Должно быть, девушка почувствовала что-то странное во взгляде принца. Бешеное, безмысленное вожделение, с которым он смотрел на нее, не могло укрыться и от самых неискушенных глаз. Релата обняла себя руками за плечи и, мгновение поколебавшись, встала со стула.

– Позвольте пожелать вам доброго аппетита, принц, и откланяться, – прошептала она, пятясь к двери. – Я, право, что-то не голодна…

Зато был голоден он! С ненавистью Нумедидес вперился взглядом в спасающуюся бегством дочь барона.

Ах, шлюха – а все его семя, Тиберия, будь проклят этот род до седьмого колена! Все они против него, все сговорились! В беспамятстве Нумедидес схватил со стола тяжеленное медное блюдо и опомнился, лишь когда увидел, что согнул его почти пополам… Ярость неутоленного желания, такого острого, звериного, требовала выхода; и все же принц не настолько утратил рассудок, чтобы не понимать, чем грозит ему небрежение приличиями в этом доме. Он не мог получить Релату здесь и сейчас, как бы не требовало того его обезумевшее тело, – и, спасаясь от искушения, Нумедидес бежал из дома барона, точно из приюта прокаженных. Он даже забыл предупредить Валерия, что уезжает…

Он с места пустил коня в галоп, вылетел за ворота замка, провожаемый недоуменными взглядами конюхов и стражи, и, выехав на прямой тракт, ведший из Амилии в столицу, нещадно принялся настегивать своего каурого плетью, вымещая на несчастном животном и страх, что заставил испытать его утром Тиберий, и злость от давешней стычки с кузеном, и досаду на небрежение Релаты, и еще тысячи мелких обид, жаливших его, подобно слепням.

У реки он, однако, остановился. Покинув дом барона так стремительно, принц лишь в пути спохватился, что не взял с собой ни припасов, ни вина, ни даже фляги с водой, и теперь его все сильнее мучала жажда.

Привязав коня к дереву – ибо даже в бешенстве своем Нумедидес не забывал, что нельзя давать пить разгоряченному скачкой жеребцу, – сам он спустился на берег, на ходу отвинчивая крышку пустой фляги… и застыл, как вкопанный, не веря собственным глазам.

Чуть ниже по течению, стоя на коленях на шатких мостках, подоткнув подолы, стирали белье две девицы, должно быть, из небольшой деревеньки, которую принц миновал по дороге к реке. Заслышав его приближение, одна из них обернулась. И Нумедидес увидел перед собой Релату.

Нет, конечно, как только он разглядел ее поближе, то сразу понял свою ошибку. У этой лицо было чуть погрубее, руки обветрились от тяжелой крестьянской работы; чуть темнее волосы, чуть полнее грудь… но она вызвала в нем такой же прилив ненасытного желания, как И дочь барона. А одного вида белых ляжек, мгновенно прикрытых стыдливо опущенной юбкой, было довольно, чтобы свести его с ума.

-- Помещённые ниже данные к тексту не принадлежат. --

(* Let $\delta\in(0,1)$ and suppose $N\le 1000\ell n^{(1-\delta)\ell}$ and $\ell\ge 20$. Then with probability at least $0.95$ over a sample $G'\sim\mathrm{RGP}_{N,\ell}\circ\mathcal{G}(n,\tfrac12)$, with $G'=(\{S_i\}_{i\in[N]},E')$, the following event occurs: for every $M\subseteq[N]$ with $|M|\le n^{0.99\delta}/\ell$, we have $\left|\bigcup_{i\in M}S_i\right|\ge 0.01\delta|M|\ell$.
   Context: $\mathcal{G}(n,\tfrac12)$ is the Erdős–Rényi distribution on $n$-vertex graphs with edge probability $1/2$. Randomized graph product: given an $n$-vertex graph $G=(V,E)$ and positive integers $N,\ell$, the random graph $G'\sim\mathrm{RGP}_{N,\ell}(G)$ is constructed as follows. For each $i\in[N]$, independently sample $\ell$ vertices uniformly at random from $V$ and let $S_i\subseteq V$ be the set of sampled vertices. The vertex set is $\{S_1,\dots,S_N\}$ (one vertex per index $i$), and for distinct $i,j$, $S_i,S_j$ are adjacent iff $S_i\cup S_j$ induces a clique in $G$. $\mathrm{RGP}_{N,\ell}\circ\mathcal{G}(n,\tfrac12)$ denotes sampling $G\sim\mathcal{G}(n,\tfrac12)$ and then $G'\sim\mathrm{RGP}_{N,\ell}(G)$. *)

theory Defs
  imports "HOL-Probability.Probability"
begin

definition all_edges :: "nat \<Rightarrow> nat set set" where
  "all_edges n = {e. e \<subseteq> {..<n} \<and> card e = 2}"

text \<open>Erdos-Renyi G(n,1/2): uniform distribution on all edge sets
  (equivalently, every potential edge independently with probability 1/2).\<close>
definition gnp_half :: "nat \<Rightarrow> nat set set pmf" where
  "gnp_half n = pmf_of_set (Pow (all_edges n))"

definition is_clique :: "nat set set \<Rightarrow> nat set \<Rightarrow> bool" where
  "is_clique E A \<longleftrightarrow> (\<forall>u\<in>A. \<forall>v\<in>A. u \<noteq> v \<longrightarrow> {u, v} \<in> E)"

text \<open>Each S i is the set of l independent uniform samples
  (with replacement) from {0..<n}.\<close>
definition rgp :: "nat \<Rightarrow> nat \<Rightarrow> nat \<Rightarrow> nat set set
    \<Rightarrow> ((nat \<Rightarrow> nat set) \<times> (nat \<Rightarrow> nat \<Rightarrow> bool)) pmf" where
  "rgp N l n E =
     map_pmf (\<lambda>xs. let S = (\<lambda>i. set (xs i)) in
                (S, \<lambda>i j. i < N \<and> j < N \<and> i \<noteq> j \<and> is_clique E (S i \<union> S j)))
       (Pi_pmf {..<N} [] (\<lambda>_. replicate_pmf l (pmf_of_set {..<n})))"

definition rgp_gnp :: "nat \<Rightarrow> nat \<Rightarrow> nat
    \<Rightarrow> ((nat \<Rightarrow> nat set) \<times> (nat \<Rightarrow> nat \<Rightarrow> bool)) pmf" where
  "rgp_gnp N l n = bind_pmf (gnp_half n) (\<lambda>E. rgp N l n E)"

end

theory Submission
  imports Defs
begin

text \<open>If some \<open>M\<close> with \<open>|M| = m\<close> has a union
  of size at most \<open>K\<close>, then all \<open>S\<^sub>i\<close> with \<open>i \<in> M\<close> lie in the image of a single map
  \<open>f : [K] \<rightarrow> [n]\<close>, which has probability at most \<open>(K/n)^(lm)\<close>. In the union bound over the
  \<open>N^m\<close> choices of \<open>M\<close> and \<open>n^K\<close> choices of \<open>f\<close>, the bounds \<open>K \<le> \<delta>lm/100\<close>,
  \<open>lm \<le> n^(0.99\<delta>)\<close> and \<open>N \<le> 1000 l n^((1-\<delta>)l)\<close> make the powers of \<open>n\<close> cancel exactly,
  leaving \<open>(1000 l (\<delta>/100)^l)^m \<le> 100^(-m)\<close>. Summing over \<open>m \<ge> 1\<close> bounds the failure
  probability by \<open>1/99\<close>.\<close>

lemma prob_replicate_pmf_set_subset:
  fixes p :: "'a::countable pmf"
  shows "measure_pmf.prob (replicate_pmf l p) {ys. set ys \<subseteq> T} = measure_pmf.prob p T ^ l"
proof (induction l)
  case 0
  then show ?case by simp
next
  case (Suc l)
  have "replicate_pmf (Suc l) p = map_pmf (\<lambda>(x, xs). x # xs) (pair_pmf p (replicate_pmf l p))"
    by (simp add: pair_pmf_def map_pmf_def bind_assoc_pmf bind_return_pmf)
  moreover have "(\<lambda>(x, xs). x # xs) -` {ys. set ys \<subseteq> T} = T \<times> {ys. set ys \<subseteq> T}"
    by auto
  ultimately show ?case
    using Suc by (simp add: measure_pmf_prob_product)
qed

lemma prob_Pi_pmf_replicate_all_subset:
  fixes p :: "'a::countable pmf"
  assumes "finite A" "M \<subseteq> A"
  shows "measure_pmf.prob (Pi_pmf A d (\<lambda>_. replicate_pmf l p)) {xs. \<forall>i\<in>M. set (xs i) \<subseteq> T}
           = measure_pmf.prob p T ^ (l * card M)"
proof -
  have "{xs. \<forall>i\<in>M. set (xs i) \<subseteq> T} = Pi A (\<lambda>i. if i \<in> M then {ys. set ys \<subseteq> T} else UNIV)"
    using assms(2) by (auto simp: Pi_def)
  then have "measure_pmf.prob (Pi_pmf A d (\<lambda>_. replicate_pmf l p)) {xs. \<forall>i\<in>M. set (xs i) \<subseteq> T}
      = (\<Prod>i\<in>A. if i \<in> M then measure_pmf.prob p T ^ l else 1)"
    using assms(1)
    by (simp add: measure_Pi_pmf_Pi if_distrib prob_replicate_pmf_set_subset cong: if_cong)
  also have "\<dots> = measure_pmf.prob p T ^ (l * card M)"
    using assms by (simp add: prod.If_cases Int_absorb1 power_mult)
  finally show ?thesis .
qed

lemma subset_image_PiE_lessThan:
  assumes "finite U" "U \<subseteq> A" "card U \<le> K" "A \<noteq> {}"
  shows "\<exists>f \<in> {..<K} \<rightarrow>\<^sub>E A. U \<subseteq> f ` {..<K}"
proof -
  obtain a where a: "a \<in> A" using assms(4) by blast
  obtain xs where xs: "set xs = U" "distinct xs" using finite_distinct_list[OF assms(1)] by blast
  have len: "length xs \<le> K" using xs assms(3) distinct_card by fastforce
  define f where "f = restrict (\<lambda>j. if j < length xs then xs ! j else a) {..<K}"
  have "xs ! j \<in> A" if "j < length xs" for j using that xs(1) assms(2) nth_mem by blast
  then have "f \<in> {..<K} \<rightarrow>\<^sub>E A" using a by (auto simp: f_def)
  moreover have "U \<subseteq> f ` {..<K}"
  proof
    fix u assume "u \<in> U"
    then obtain j where "j < length xs" "xs ! j = u" using xs(1) by (auto simp: in_set_conv_nth)
    then show "u \<in> f ` {..<K}" using len by (intro image_eqI[of _ _ j]) (auto simp: f_def)
  qed
  ultimately show ?thesis by blast
qed

lemma prob_small_union_le:
  fixes N l n m K :: nat
  assumes "n \<ge> 1"
  shows "measure_pmf.prob (Pi_pmf {..<N} d (\<lambda>_. replicate_pmf l (pmf_of_set {..<n})))
           {xs. \<exists>M \<subseteq> {..<N}. card M = m \<and> card (\<Union>i\<in>M. set (xs i)) \<le> K}
         \<le> real (N choose m) * real n ^ K * (real K / real n) ^ (l * m)"
proof -
  define P where "P = Pi_pmf {..<N} d (\<lambda>_. replicate_pmf l (pmf_of_set {..<n}))"
  define Ms where "Ms = {M. M \<subseteq> {..<N} \<and> card M = m}"
  define Fs where "Fs = {..<K} \<rightarrow>\<^sub>E {..<n}"
  define Ev where
    "Ev = (\<lambda>M (f :: nat \<Rightarrow> nat). {xs :: nat \<Rightarrow> nat list. \<forall>i\<in>M. set (xs i) \<subseteq> f ` {..<K}})"
  have n_nonempty: "{..<n} \<noteq> {}" using assms by (simp add: lessThan_empty_iff)
  have support: "set (xs i) \<subseteq> {..<n}" if "xs \<in> set_pmf P" "i < N" for xs i
    using that n_nonempty by (auto simp: P_def set_Pi_pmf PiE_dflt_def set_replicate_pmf)
  have cover:
    "{xs :: nat \<Rightarrow> nat list. \<exists>M \<subseteq> {..<N}. card M = m \<and> card (\<Union>i\<in>M. set (xs i)) \<le> K}
       \<inter> set_pmf P \<subseteq> (\<Union>M\<in>Ms. \<Union>f\<in>Fs. Ev M f)"
  proof
    fix xs
    assume xs: "xs \<in> {xs. \<exists>M \<subseteq> {..<N}. card M = m \<and> card (\<Union>i\<in>M. set (xs i)) \<le> K} \<inter> set_pmf P"
    then obtain M where M: "M \<in> Ms" "card (\<Union>i\<in>M. set (xs i)) \<le> K"
      by (auto simp: Ms_def)
    have "(\<Union>i\<in>M. set (xs i)) \<subseteq> {..<n}" using M(1) xs support by (auto simp: Ms_def)
    then obtain f where f: "f \<in> Fs" "(\<Union>i\<in>M. set (xs i)) \<subseteq> f ` {..<K}"
      using subset_image_PiE_lessThan[OF _ _ M(2) n_nonempty] finite_subset
      unfolding Fs_def by blast
    then have "xs \<in> Ev M f" by (auto simp: Ev_def)
    then show "xs \<in> (\<Union>M\<in>Ms. \<Union>f\<in>Fs. Ev M f)" using M(1) f(1) by blast
  qed
  have prob_Ev: "measure_pmf.prob P (Ev M f) \<le> (real K / real n) ^ (l * m)" if "M \<in> Ms" for M f
  proof -
    have "measure_pmf.prob (pmf_of_set {..<n}) (f ` {..<K}) = card ({..<n} \<inter> f ` {..<K}) / n"
      using n_nonempty by (simp add: measure_pmf_of_set)
    also have "\<dots> \<le> real K / real n"
      using card_mono[of "f ` {..<K}" "{..<n} \<inter> f ` {..<K}"] card_image_le[of "{..<K}" f]
      by (intro divide_right_mono) auto
    finally show ?thesis
      using that by (simp add: P_def Ev_def Ms_def prob_Pi_pmf_replicate_all_subset power_mono)
  qed
  have "measure_pmf.prob P {xs. \<exists>M \<subseteq> {..<N}. card M = m \<and> card (\<Union>i\<in>M. set (xs i)) \<le> K}
      \<le> measure_pmf.prob P (\<Union>M\<in>Ms. \<Union>f\<in>Fs. Ev M f)"
    using cover by (subst measure_Int_set_pmf[symmetric]) (intro measure_pmf.finite_measure_mono, auto)
  also have "\<dots> \<le> (\<Sum>M\<in>Ms. \<Sum>f\<in>Fs. measure_pmf.prob P (Ev M f))"
    by (rule order_trans[OF measure_UNION_le sum_mono[OF measure_UNION_le]])
       (auto simp: Ms_def Fs_def finite_PiE)
  also have "\<dots> \<le> (\<Sum>M\<in>Ms. \<Sum>f\<in>Fs. (real K / real n) ^ (l * m))"
    by (intro sum_mono prob_Ev)
  also have "\<dots> = real (N choose m) * real n ^ K * (real K / real n) ^ (l * m)"
    by (simp add: Ms_def Fs_def n_subsets card_PiE)
  finally show ?thesis by (simp add: P_def)
qed

lemma prob_rgp_gnp_fst:
  "measure_pmf.prob (rgp_gnp N l n) {G'. Q (fst G')} =
   measure_pmf.prob (Pi_pmf {..<N} [] (\<lambda>_. replicate_pmf l (pmf_of_set {..<n})))
     {xs. Q (\<lambda>i. set (xs i))}"
proof -
  have "map_pmf fst (rgp_gnp N l n) =
        map_pmf (\<lambda>xs i. set (xs i)) (Pi_pmf {..<N} [] (\<lambda>_. replicate_pmf l (pmf_of_set {..<n})))"
    unfolding rgp_gnp_def rgp_def map_bind_pmf by (simp add: pmf.map_comp o_def Let_def)
  from arg_cong[OF this, of "\<lambda>p. measure_pmf.prob p {S. Q S}"] show ?thesis by simp
qed

lemma linear_times_hundredth_pow_le: "l \<ge> 20 \<Longrightarrow> 1000 * real l * (1/100) ^ l \<le> 1/100"
proof (induction l rule: dec_induct)
  case base
  then show ?case by (simp add: power_divide)
next
  case (step k)
  have "1000 * real (Suc k) * (1/100) ^ Suc k \<le> 1000 * (2 * real k) * ((1/100) ^ k / 100)"
    by (intro mult_mono) (use step in auto)
  also have "\<dots> \<le> 1000 * real k * (1/100) ^ k" by simp
  finally show ?case using step by linarith
qed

На сей раз ни рассудок, ни страх, ни моральные запреты не могли остановить принца. Медленно, не сводя горящего похотью взгляда с девушки, он направился к ней, подобный хищному зверю, идущему на помертвевшую от ужаса добычу. Всего несколько шагов разделяло их, и девушка, не в силах противиться властному зову в глазах мужчины, точно зачарованная, поднялась ему навстречу… как вдруг товарка ее, лишь сейчас осознав, что происходит что-то неладное, с истошным визгом бросилась бежать.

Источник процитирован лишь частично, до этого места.